(* Let $d\ge2$ be an integer, $D_1,\dots,D_d$ real constants, $D=\sum_iD_i$. Define $m:[-D^2/d,\pi^2/d)\to[0,\infty)$ as follows (with $\mu=-\lambda$ when $\lambda<0$): $$m(\lambda)=\begin{cases}0 & \text{if } \lambda=-D^2/d<0,\\[2pt] \left|\ln\left(\dfrac{\big(\frac{e^{\sqrt{d\mu}}}{\sqrt{-C_-}}+1\big)\big(-\frac{1}{\sqrt{-C_-}}+1\big)}{\big(1-\frac{e^{\sqrt{d\mu}}}{\sqrt{-C_-}}\big)\big(1+\frac{1}{\sqrt{-C_-}}\big)}\right)\right| & \text{if } -D^2/d<\lambda<0,\\[2pt] |D| & \text{if } \lambda=0,\\[2pt] \left|\ln\dfrac{\tan(C_++\sqrt{d\lambda})+\sec(C_++\sqrt{d\lambda})}{\tan(C_+)+\sec(C_+)}\right| & \text{if } 0<\lambda<\pi^2/d,\end{cases}$$ where $C_-=\dfrac{e^{2\sqrt{d\mu}}-e^{D+\sqrt{d\mu}}}{e^{D+\sqrt{d\mu}}-1}$ and $C_+=\arctan\left(\dfrac{\cos(\sqrt{d\lambda})-e^D}{\sin(\sqrt{d\lambda})}\right)$. For $\lambda\in[-D^2/d,\pi^2/d)$, let $L=(L_1,\dots,L_d)\in C^1([0,1];\mathbb{R}^d)$ be the unique solution of $$L_i'=-\Big(\sum_{k=1}^dL_k\Big)L_i-\lambda\ \text{ on }[0,1],\qquad\int_0^1L_i(r)\,dr=D_i\qquad(i=1,\dots,d).$$ Then $L$ satisfies $$(d-1)\lambda=\sum_{i=1}^dL_i(0)^2-\Big(\sum_{i=1}^dL_i(0)\Big)^2$$ if and only if $$m(\lambda)=\sqrt{\frac{d}{d-1}\sum_{i=1}^d\Big(D_i-\frac{D}{d}\Big)^2}.$$
   Context: For $-D^2/d<\lambda<0$ one has $C_-<0$, so $\sqrt{-C_-}$ is defined. *)

theory Defs
  imports "HOL-Analysis.Analysis"
begin

definition mfun :: "nat \<Rightarrow> real \<Rightarrow> real \<Rightarrow> real" where
  "mfun d D lam =
    (if lam = - (D^2) / real d \<and> lam < 0 then 0
     else if lam < 0 then
       (let mu = - lam; s = sqrt (real d * mu);
            Cm = (exp (2 * s) - exp (D + s)) / (exp (D + s) - 1);
            r = sqrt (- Cm)
        in \<bar>ln (((exp s / r + 1) * (- 1 / r + 1)) / ((1 - exp s / r) * (1 + 1 / r)))\<bar>)
     else if lam = 0 then \<bar>D\<bar>
     else
       (let s = sqrt (real d * lam);
            Cp = arctan ((cos s - exp D) / sin s)
        in \<bar>ln ((tan (Cp + s) + 1 / cos (Cp + s)) / (tan Cp + 1 / cos Cp))\<bar>))"

end

theory Submission
  imports Defs
begin

text \<open>
  With S = L_1 + ... + L_d the system yields the Riccati equation S' = -S^2 - d lam, which is
  linearised by E t = exp (integral of S over [0,t]): E'' = -d lam E, E 0 = 1, E' 0 = S 0 and
  E 1 = exp D. Each deviation L_i - S/d is a constant u_i times 1/E, so with J the integral of
  1/E over [0,1] we get D_i - D/d = u_i J, while the sum of the L_i 0 squared minus the square of
  their sum is (sum of u_i squared) - (d - 1)/d (S 0)^2. Both sides of the equivalence therefore
  say that the sum of the u_i squared equals (d - 1)/d ((S 0)^2 + d lam), as soon as
  m(lam) = sqrt ((S 0)^2 + d lam) J. This identity is the heart of the matter: according to the
  sign of lam, E is a trigonometric, affine or hyperbolic function, and the formula for m is the
  closed form of sqrt ((S 0)^2 + d lam) times the integral of 1/E.
\<close>

lemma DERIV_zero_imp_eq_at_0:
  assumes "\<And>t. t \<in> {0..1} \<Longrightarrow> (f has_real_derivative 0) (at t within {0..1})"
    and "t \<in> {0..1::real}"
  shows "f t = f 0"
  using has_field_derivative_zero_constant[of "{0..1::real}" f] assms by fastforce

lemma integral_unit_interval_eq_diff:
  assumes "\<And>t. t \<in> {0..1} \<Longrightarrow> (H has_real_derivative g t) (at t within {0..1::real})"
  shows "integral {0..1} g = H 1 - H 0"
  using fundamental_theorem_of_calculus[of 0 1 H g] assms
  by (auto simp: has_real_derivative_iff_has_vector_derivative intro: integral_unique)

lemma tan_plus_sec_eq: "cos (x::real) \<noteq> 0 \<Longrightarrow> tan x + 1 / cos x = (1 + sin x) / cos x"
  by (simp add: tan_def add_divide_distrib)

lemma one_plus_sin_pos:
  assumes "cos (x::real) > 0"
  shows "1 + sin x > 0"
proof -
  have "sin x \<noteq> -1"
  proof
    assume "sin x = -1"
    then have "(cos x)\<^sup>2 = 0" using sin_cos_squared_add[of x] by simp
    then show False using assms by simp
  qed
  then show ?thesis
    using sin_ge_minus_one[of x] by linarith
qed

lemma tan_plus_sec_pos:
  assumes "cos (x::real) > 0"
  shows "tan x + 1 / cos x > 0"
proof -
  have "tan x + 1 / cos x = (1 + sin x) / cos x"
    by (intro tan_plus_sec_eq) (use assms in simp)
  then show ?thesis using assms one_plus_sin_pos[OF assms] by simp
qed

definition inv_gd :: "real \<Rightarrow> real" where
  "inv_gd x = ln (tan x + 1 / cos x)"

lemma DERIV_inv_gd:
  assumes c: "cos (x::real) > 0"
  shows "(inv_gd has_real_derivative 1 / cos x) (at x)"
proof -
  have "0 < cos x * cos x * (1 + sin x)"
    using c one_plus_sin_pos[OF c] by simp
  then have "cos x * cos x + cos x * (cos x * sin x) \<noteq> 0"
    by (simp add: algebra_simps)
  then show ?thesis
    unfolding inv_gd_def using c tan_plus_sec_pos[OF c]
    by (auto intro!: derivative_eq_intros simp: tan_def field_simps power2_eq_square)
qed

lemma DERIV_ln_exp_affine:
  assumes "0 < (exp (k * t) + a) / b"
  shows "((\<lambda>t. ln ((exp (k * t) + a) / b)) has_real_derivative k * exp (k * t) / (exp (k * t) + a))
    (at t within S)"
proof -
  have "b \<noteq> 0" "exp (k * t) + a \<noteq> 0" using assms by auto
  moreover have "((\<lambda>t. ln ((exp (k * t) + a) / b)) has_real_derivative
      1 / ((exp (k * t) + a) / b) * (exp (k * t) * k / b)) (at t within S)"
    using assms by (auto intro!: derivative_eq_intros)
  moreover have "1 / (x / b) * (y / b) = y / x" if "b \<noteq> 0" for x y :: real
    using that by (simp add: field_simps)
  ultimately show ?thesis
    by (simp add: mult.commute)
qed

lemma sgn_exp_diff: "sgn (exp (a::real) - exp b) = sgn (a - b)"
  by (cases rule: linorder_cases[of a b]) (auto simp: sgn_if)

locale riccati_linearization =
  fixes c s0 D :: real and E q :: "real \<Rightarrow> real"
  assumes E_deriv: "\<And>t. t \<in> {0..1} \<Longrightarrow> (E has_real_derivative q t) (at t within {0..1})"
    and q_deriv: "\<And>t. t \<in> {0..1} \<Longrightarrow> (q has_real_derivative - c * E t) (at t within {0..1})"
    and E_0: "E 0 = 1" and q_0: "q 0 = s0" and E_1: "E 1 = exp D"
    and E_pos: "\<And>t. t \<in> {0..1} \<Longrightarrow> 0 < E t"
begin

definition J :: real where
  "J = integral {0..1} (\<lambda>t. 1 / E t)"

lemma continuous_on_inverse_E: "continuous_on {0..1} (\<lambda>t. 1 / E t)"
proof -
  have "continuous_on {0..1} E"
    by (rule DERIV_continuous_on) (rule E_deriv)
  then show ?thesis
    using E_pos by (intro continuous_intros) (auto simp: less_imp_neq[symmetric])
qed

lemma J_pos: "0 < J"
proof -
  obtain x where x: "x \<in> {0..1::real}" and min: "\<forall>y\<in>{0..1}. 1 / E x \<le> 1 / E y"
    using continuous_attains_inf[OF compact_Icc _ continuous_on_inverse_E] by auto
  have "((\<lambda>t. 1 / E x) has_integral (1 / E x)) {0..1::real}"
    using has_integral_const_real[of "1 / E x" 0 1] by simp
  moreover have "((\<lambda>t. 1 / E t) has_integral J) {0..1}"
    unfolding J_def by (intro integrable_integral integrable_continuous_real continuous_on_inverse_E)
  ultimately have "1 / E x \<le> J"
    by (rule has_integral_le) (use min in simp)
  moreover have "0 < 1 / E x"
    using E_pos[OF x] by simp
  ultimately show ?thesis by linarith
qed

lemma integral_const_div_E: "integral {0..1} (\<lambda>t. u / E t) = u * J"
  using integral_mult[OF integrable_continuous_real[OF continuous_on_inverse_E], of u]
  by (simp add: J_def)

lemma integral_const_div_E_plus:
  assumes "\<And>t. t \<in> {0..1} \<Longrightarrow> f t = u / E t + g t" and "g integrable_on {0..1}"
  shows "integral {0..1} f = u * J + integral {0..1} g"
proof -
  have "integral {0..1} f = integral {0..1} (\<lambda>t. u * (1 / E t) + g t)"
    using assms(1) by (intro integral_cong) simp
  also have "\<dots> = integral {0..1} (\<lambda>t. u * (1 / E t)) + integral {0..1} g"
    by (intro integral_add assms(2) integrable_continuous_real continuous_intros continuous_on_inverse_E)
  also have "\<dots> = u * J + integral {0..1} g"
    using integral_const_div_E[of u] by simp
  finally show ?thesis .
qed

lemma mfun_zero_branch:
  assumes "c = 0"
  shows "\<bar>D\<bar> = sqrt (s0\<^sup>2 + c) * J"
proof -
  have q_const: "q t = s0" if t: "t \<in> {0..1}" for t
    using DERIV_zero_imp_eq_at_0[of q t] q_deriv assms t q_0 by simp
  have E_lin: "E t = 1 + s0 * t" if t: "t \<in> {0..1}" for t
  proof -
    have "E t - s0 * t = E 0 - s0 * 0"
      by (rule DERIV_zero_imp_eq_at_0[OF _ t])
        (use E_deriv q_const in \<open>auto intro!: derivative_eq_intros\<close>)
    then show ?thesis using E_0 by simp
  qed
  have "((\<lambda>t. ln (1 + s0 * t)) has_real_derivative s0 * (1 / E t)) (at t within {0..1})"
    if t: "t \<in> {0..1}" for t
    using E_pos[OF t] E_lin[OF t] by (auto intro!: derivative_eq_intros)
  from integral_unit_interval_eq_diff[OF this]
  have "s0 * J = D"
    using E_1 E_lin[of 1] integral_const_div_E[of s0] by simp
  from this[symmetric] show ?thesis
    using assms J_pos by (simp add: abs_mult)
qed

lemma E_eq_cos_sin:
  assumes "0 < c" and t: "t \<in> {0..1}"
  shows "E t = cos (sqrt c * t) + s0 / sqrt c * sin (sqrt c * t)"
proof -
  define k where "k = sqrt c"
  have k: "k > 0" "k\<^sup>2 = c" using assms by (auto simp: k_def)
  have deriv_zero: "((\<lambda>t. k * E t * cos (k * t) - q t * sin (k * t)) has_real_derivative 0) (at x within {0..1})"
    "((\<lambda>t. q t * cos (k * t) + k * E t * sin (k * t)) has_real_derivative 0) (at x within {0..1})"
    if x: "x \<in> {0..1}" for x
    using E_deriv[OF x] q_deriv[OF x]
    by (auto intro!: derivative_eq_intros simp: k(2)[symmetric] algebra_simps power2_eq_square)
  have first: "k * E t * cos (k * t) - q t * sin (k * t) = k"
    using DERIV_zero_imp_eq_at_0[OF deriv_zero(1) t] E_0 by simp
  have second: "q t * cos (k * t) + k * E t * sin (k * t) = s0"
    using DERIV_zero_imp_eq_at_0[OF deriv_zero(2) t] q_0 by simp
  have ring_identity: "x * (a\<^sup>2 + b\<^sup>2) = (x * b - y * a) * b + (y * b + x * a) * a" for x y a b :: real
    by (simp add: algebra_simps power2_eq_square)
  have "k * E t = k * E t * ((sin (k * t))\<^sup>2 + (cos (k * t))\<^sup>2)"
    by simp
  also have "\<dots> = (k * E t * cos (k * t) - q t * sin (k * t)) * cos (k * t)
      + (q t * cos (k * t) + k * E t * sin (k * t)) * sin (k * t)"
    by (rule ring_identity)
  also have "\<dots> = k * cos (k * t) + s0 * sin (k * t)"
    unfolding first second by simp
  finally have "k * E t = k * cos (k * t) + s0 * sin (k * t)" .
  then show ?thesis
    using k unfolding k_def[symmetric] by (simp add: field_simps)
qed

+++++

• _Task prompt_
Show me each line of the listing above with "that" in it.

• _Your response_
  say that the sum of the u_i squared equals (d - 1)/d ((S 0)^2 + d lam), as soon as
    using that by (simp add: field_simps)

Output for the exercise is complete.